:: Task input

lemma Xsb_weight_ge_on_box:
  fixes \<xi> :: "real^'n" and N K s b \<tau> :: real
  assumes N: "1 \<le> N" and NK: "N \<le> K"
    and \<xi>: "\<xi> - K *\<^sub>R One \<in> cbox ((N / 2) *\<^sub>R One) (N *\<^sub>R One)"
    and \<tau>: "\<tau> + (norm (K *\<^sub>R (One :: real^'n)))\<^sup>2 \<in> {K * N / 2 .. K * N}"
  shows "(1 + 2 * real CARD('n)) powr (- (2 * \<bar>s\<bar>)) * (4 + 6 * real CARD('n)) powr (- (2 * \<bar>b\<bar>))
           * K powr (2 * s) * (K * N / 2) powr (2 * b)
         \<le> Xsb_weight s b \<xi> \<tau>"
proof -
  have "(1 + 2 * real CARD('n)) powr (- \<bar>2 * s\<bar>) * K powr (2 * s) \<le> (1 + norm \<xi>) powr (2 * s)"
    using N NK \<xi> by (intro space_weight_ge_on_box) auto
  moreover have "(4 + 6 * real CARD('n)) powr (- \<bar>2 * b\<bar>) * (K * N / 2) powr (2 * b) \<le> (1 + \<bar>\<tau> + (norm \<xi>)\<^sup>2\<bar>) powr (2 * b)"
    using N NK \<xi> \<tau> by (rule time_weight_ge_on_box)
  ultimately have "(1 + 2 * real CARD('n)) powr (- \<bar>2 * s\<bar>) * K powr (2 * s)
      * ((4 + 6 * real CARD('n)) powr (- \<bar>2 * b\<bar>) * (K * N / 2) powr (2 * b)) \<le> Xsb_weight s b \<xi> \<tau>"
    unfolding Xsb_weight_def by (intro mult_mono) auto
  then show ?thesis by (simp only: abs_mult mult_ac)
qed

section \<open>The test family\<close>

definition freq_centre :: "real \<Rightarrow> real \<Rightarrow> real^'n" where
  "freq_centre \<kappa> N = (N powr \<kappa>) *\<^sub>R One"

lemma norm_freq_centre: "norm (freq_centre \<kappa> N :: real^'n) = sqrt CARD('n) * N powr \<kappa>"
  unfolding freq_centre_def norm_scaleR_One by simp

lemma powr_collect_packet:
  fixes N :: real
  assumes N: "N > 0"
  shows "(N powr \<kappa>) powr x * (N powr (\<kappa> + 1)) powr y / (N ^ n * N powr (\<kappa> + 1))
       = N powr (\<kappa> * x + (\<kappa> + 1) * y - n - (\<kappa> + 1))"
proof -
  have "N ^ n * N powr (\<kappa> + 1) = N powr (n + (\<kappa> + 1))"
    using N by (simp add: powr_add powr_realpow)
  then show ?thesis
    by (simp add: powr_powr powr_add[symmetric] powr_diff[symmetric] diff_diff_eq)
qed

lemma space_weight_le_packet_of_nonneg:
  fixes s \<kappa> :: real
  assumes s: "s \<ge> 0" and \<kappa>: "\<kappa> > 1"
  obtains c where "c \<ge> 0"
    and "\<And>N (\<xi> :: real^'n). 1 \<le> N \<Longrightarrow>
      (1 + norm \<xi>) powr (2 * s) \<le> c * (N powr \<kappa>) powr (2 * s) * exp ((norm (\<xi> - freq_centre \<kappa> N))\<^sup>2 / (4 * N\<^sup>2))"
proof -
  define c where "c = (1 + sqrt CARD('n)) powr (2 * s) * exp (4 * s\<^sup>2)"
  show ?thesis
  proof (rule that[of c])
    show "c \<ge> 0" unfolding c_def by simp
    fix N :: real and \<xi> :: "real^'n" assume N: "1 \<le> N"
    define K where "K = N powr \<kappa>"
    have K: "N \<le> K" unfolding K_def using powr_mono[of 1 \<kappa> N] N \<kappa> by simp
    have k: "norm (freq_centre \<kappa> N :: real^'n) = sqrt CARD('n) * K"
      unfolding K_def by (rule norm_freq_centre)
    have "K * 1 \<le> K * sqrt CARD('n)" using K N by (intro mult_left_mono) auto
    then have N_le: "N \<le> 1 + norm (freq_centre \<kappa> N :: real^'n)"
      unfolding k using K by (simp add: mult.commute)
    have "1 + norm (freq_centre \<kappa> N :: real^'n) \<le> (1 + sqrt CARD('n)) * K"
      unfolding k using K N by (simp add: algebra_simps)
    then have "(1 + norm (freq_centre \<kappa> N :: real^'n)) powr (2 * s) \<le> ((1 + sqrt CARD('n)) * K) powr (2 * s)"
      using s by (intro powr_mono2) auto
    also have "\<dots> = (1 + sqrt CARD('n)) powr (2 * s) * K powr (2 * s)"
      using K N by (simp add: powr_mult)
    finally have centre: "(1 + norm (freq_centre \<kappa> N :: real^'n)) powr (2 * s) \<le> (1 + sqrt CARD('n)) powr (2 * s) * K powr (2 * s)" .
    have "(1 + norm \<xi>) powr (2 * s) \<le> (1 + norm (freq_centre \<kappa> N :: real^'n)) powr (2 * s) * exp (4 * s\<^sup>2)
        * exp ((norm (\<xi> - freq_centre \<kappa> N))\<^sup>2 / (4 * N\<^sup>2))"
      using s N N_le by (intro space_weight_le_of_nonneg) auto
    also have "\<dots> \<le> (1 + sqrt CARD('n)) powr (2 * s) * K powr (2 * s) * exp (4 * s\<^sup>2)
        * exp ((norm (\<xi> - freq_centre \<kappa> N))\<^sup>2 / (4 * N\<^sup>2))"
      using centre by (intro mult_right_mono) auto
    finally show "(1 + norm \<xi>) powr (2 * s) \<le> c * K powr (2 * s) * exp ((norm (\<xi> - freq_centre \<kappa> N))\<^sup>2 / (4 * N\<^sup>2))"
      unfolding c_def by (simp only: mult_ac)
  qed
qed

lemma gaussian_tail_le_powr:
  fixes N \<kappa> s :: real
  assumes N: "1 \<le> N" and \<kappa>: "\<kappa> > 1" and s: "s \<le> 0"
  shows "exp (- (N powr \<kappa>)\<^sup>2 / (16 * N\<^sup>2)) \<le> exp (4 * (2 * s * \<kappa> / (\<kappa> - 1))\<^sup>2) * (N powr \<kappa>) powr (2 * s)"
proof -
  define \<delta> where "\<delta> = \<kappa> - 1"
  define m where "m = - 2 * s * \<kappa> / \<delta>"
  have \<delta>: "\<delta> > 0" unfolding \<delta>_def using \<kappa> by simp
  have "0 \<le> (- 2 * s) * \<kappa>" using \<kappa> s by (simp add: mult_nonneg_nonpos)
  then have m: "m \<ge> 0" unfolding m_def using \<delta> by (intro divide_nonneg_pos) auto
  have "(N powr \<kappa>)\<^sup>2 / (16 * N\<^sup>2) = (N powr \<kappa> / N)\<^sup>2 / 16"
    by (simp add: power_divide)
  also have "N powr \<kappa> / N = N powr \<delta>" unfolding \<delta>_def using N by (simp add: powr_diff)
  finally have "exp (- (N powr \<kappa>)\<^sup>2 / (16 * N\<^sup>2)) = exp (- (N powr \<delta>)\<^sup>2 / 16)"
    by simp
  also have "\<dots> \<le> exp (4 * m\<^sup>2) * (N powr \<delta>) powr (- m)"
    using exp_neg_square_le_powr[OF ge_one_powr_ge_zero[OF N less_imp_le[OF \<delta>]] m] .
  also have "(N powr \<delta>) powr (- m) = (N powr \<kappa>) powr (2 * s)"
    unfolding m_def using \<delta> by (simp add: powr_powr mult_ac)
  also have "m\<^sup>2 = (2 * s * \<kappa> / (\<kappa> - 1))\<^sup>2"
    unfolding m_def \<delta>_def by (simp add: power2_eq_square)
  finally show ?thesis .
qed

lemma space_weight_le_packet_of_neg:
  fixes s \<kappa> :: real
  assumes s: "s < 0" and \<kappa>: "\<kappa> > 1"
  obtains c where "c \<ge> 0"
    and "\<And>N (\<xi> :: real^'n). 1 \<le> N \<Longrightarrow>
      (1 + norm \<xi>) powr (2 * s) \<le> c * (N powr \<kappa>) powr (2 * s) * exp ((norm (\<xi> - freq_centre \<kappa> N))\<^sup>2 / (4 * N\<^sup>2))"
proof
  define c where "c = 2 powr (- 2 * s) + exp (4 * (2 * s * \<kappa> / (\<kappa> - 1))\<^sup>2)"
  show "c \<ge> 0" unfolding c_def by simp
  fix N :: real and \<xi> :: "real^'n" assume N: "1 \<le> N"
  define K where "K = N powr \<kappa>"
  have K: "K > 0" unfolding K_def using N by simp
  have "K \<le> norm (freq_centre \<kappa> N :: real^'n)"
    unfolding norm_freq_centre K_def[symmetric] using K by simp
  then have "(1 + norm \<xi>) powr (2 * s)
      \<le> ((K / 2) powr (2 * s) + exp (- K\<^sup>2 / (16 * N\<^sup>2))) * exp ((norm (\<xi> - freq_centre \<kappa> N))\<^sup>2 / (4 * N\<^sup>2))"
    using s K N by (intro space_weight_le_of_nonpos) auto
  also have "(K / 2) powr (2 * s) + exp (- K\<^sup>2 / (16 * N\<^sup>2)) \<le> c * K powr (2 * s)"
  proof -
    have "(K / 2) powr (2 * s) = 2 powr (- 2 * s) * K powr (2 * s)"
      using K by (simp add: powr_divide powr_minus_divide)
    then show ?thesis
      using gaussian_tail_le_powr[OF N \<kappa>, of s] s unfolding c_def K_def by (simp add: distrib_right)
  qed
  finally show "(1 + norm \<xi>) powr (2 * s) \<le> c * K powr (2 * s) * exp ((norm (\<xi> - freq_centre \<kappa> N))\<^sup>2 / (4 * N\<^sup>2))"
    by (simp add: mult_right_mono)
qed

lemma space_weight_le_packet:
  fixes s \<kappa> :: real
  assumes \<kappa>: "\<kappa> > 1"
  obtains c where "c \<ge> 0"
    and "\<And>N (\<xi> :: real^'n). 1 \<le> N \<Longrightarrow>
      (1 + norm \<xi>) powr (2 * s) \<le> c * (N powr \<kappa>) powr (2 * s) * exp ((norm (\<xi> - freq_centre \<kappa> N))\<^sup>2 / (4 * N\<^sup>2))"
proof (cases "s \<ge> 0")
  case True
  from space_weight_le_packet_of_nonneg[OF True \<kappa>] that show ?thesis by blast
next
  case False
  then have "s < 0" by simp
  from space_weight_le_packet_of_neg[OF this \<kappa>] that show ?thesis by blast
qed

::::

— Required action —
Report each line of the data that includes the string "intro".

— Task result —
    using N NK \<xi> by (intro space_weight_ge_on_box) auto
    unfolding Xsb_weight_def by (intro mult_mono) auto
    have "K * 1 \<le> K * sqrt CARD('n)" using K N by (intro mult_left_mono) auto
      using s by (intro powr_mono2) auto
      using s N N_le by (intro space_weight_le_of_nonneg) auto
      using centre by (intro mult_right_mono) auto
  then have m: "m \<ge> 0" unfolding m_def using \<delta> by (intro divide_nonneg_pos) auto
    using s K N by (intro space_weight_le_of_nonpos) auto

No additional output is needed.